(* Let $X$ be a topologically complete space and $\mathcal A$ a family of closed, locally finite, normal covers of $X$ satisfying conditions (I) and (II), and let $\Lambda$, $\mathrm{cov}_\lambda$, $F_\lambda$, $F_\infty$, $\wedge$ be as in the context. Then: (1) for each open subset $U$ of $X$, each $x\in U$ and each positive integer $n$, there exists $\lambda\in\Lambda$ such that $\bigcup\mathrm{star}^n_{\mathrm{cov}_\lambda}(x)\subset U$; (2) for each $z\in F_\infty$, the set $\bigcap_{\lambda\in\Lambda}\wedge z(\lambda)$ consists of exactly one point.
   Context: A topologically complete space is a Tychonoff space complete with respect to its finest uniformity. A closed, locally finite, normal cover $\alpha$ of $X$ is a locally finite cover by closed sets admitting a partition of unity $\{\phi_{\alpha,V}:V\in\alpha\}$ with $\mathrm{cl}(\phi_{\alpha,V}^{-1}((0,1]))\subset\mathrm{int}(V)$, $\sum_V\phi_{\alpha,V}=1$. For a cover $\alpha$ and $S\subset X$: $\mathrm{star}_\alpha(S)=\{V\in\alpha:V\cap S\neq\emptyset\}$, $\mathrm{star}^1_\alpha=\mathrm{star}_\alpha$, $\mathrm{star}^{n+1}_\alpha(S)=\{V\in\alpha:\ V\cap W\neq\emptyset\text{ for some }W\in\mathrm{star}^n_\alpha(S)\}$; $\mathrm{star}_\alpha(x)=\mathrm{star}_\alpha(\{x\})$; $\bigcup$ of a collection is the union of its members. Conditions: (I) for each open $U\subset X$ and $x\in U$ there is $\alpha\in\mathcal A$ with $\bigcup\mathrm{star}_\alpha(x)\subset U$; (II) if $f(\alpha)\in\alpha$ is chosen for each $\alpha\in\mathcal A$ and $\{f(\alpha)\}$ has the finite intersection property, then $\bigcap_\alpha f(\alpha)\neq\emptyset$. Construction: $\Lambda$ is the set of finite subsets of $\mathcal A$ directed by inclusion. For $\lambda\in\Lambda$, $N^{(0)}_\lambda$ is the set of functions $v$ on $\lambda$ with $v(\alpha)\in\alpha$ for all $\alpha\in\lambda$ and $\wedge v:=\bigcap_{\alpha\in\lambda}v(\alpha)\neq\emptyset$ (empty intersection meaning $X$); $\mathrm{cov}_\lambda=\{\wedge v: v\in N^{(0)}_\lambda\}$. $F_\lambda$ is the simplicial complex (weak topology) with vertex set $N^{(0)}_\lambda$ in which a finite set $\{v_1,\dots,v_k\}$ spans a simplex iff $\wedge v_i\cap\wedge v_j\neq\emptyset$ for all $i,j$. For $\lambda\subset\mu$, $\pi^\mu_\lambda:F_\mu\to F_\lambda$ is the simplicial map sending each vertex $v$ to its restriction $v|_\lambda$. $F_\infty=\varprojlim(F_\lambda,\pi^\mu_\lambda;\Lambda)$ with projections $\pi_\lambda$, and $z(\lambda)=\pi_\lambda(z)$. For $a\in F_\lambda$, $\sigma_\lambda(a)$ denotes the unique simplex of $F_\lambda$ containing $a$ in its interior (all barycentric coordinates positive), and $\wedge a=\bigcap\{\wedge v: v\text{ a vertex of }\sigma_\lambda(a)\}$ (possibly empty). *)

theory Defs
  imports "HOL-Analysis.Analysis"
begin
...
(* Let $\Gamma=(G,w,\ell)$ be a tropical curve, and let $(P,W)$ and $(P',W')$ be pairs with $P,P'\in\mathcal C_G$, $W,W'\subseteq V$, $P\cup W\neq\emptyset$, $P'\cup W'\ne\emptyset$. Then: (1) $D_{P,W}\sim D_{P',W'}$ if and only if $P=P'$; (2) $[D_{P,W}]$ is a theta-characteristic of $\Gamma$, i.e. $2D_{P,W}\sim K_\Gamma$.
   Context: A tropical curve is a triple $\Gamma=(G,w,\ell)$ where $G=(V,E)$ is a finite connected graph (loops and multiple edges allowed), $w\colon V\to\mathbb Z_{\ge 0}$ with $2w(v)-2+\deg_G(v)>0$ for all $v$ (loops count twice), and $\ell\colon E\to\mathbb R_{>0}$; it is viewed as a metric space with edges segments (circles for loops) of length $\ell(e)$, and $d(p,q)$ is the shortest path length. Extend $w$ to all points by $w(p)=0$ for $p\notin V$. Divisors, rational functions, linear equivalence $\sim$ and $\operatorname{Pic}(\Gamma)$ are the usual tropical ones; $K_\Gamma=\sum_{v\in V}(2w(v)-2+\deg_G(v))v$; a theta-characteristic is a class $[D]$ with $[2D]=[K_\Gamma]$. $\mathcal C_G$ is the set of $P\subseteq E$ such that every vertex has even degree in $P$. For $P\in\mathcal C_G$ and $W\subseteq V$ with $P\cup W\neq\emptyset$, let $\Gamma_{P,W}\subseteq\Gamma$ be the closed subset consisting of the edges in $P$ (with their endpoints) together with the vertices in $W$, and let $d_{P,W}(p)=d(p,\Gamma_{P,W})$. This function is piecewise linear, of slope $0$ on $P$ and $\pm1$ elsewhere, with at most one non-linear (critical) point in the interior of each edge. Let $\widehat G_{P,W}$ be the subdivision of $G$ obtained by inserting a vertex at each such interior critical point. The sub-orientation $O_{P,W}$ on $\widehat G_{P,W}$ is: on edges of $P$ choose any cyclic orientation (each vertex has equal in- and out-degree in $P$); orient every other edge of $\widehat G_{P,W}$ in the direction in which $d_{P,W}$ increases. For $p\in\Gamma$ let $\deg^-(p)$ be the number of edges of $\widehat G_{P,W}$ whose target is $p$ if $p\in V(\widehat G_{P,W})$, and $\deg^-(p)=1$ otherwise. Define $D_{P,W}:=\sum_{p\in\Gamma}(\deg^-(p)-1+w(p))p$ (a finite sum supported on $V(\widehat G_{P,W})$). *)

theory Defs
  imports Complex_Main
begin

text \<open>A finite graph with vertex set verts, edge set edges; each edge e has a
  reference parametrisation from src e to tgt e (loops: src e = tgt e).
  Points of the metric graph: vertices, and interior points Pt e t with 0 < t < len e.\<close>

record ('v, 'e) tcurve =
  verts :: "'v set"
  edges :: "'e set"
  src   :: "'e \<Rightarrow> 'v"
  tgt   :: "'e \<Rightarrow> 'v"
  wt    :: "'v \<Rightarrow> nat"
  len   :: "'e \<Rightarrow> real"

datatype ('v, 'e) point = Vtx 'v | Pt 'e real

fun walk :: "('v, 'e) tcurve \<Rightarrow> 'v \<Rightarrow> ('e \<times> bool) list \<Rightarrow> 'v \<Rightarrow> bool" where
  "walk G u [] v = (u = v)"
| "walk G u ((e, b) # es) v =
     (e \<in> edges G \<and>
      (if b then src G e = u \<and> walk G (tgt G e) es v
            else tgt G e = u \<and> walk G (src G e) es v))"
--
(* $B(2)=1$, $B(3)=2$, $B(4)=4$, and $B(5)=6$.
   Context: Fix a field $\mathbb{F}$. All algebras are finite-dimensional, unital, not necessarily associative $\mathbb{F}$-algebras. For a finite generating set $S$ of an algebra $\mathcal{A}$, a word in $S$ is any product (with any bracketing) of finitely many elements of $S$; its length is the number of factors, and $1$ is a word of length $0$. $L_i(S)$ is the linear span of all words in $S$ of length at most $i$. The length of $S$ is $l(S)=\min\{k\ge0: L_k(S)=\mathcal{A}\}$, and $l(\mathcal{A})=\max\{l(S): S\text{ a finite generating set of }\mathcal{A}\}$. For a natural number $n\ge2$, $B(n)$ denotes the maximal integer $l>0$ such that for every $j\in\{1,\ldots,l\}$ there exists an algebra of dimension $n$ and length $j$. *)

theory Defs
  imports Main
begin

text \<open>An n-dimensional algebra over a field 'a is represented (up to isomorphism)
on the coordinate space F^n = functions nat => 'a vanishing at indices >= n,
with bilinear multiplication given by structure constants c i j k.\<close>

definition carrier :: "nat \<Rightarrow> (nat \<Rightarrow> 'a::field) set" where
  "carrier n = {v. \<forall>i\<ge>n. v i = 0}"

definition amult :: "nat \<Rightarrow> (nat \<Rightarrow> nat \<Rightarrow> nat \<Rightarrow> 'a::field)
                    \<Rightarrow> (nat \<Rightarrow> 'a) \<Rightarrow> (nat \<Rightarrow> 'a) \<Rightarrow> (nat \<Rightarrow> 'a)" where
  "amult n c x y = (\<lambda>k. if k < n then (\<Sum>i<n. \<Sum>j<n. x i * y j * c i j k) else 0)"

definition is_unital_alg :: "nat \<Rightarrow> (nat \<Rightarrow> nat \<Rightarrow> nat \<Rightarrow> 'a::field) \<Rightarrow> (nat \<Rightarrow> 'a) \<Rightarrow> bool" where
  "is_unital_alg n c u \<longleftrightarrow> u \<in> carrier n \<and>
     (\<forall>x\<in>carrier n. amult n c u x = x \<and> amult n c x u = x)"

About this exercise —
Your answer should be the lines above from the one containing "Points of the" through the one containing "else tgt G e", copied exactly and with both ends kept.

Response —
  Points of the metric graph: vertices, and interior points Pt e t with 0 < t < len e.\<close>

record ('v, 'e) tcurve =
  verts :: "'v set"
  edges :: "'e set"
  src   :: "'e \<Rightarrow> 'v"
  tgt   :: "'e \<Rightarrow> 'v"
  wt    :: "'v \<Rightarrow> nat"
  len   :: "'e \<Rightarrow> real"

datatype ('v, 'e) point = Vtx 'v | Pt 'e real

fun walk :: "('v, 'e) tcurve \<Rightarrow> 'v \<Rightarrow> ('e \<times> bool) list \<Rightarrow> 'v \<Rightarrow> bool" where
  "walk G u [] v = (u = v)"
| "walk G u ((e, b) # es) v =
     (e \<in> edges G \<and>
      (if b then src G e = u \<and> walk G (tgt G e) es v
            else tgt G e = u \<and> walk G (src G e) es v))"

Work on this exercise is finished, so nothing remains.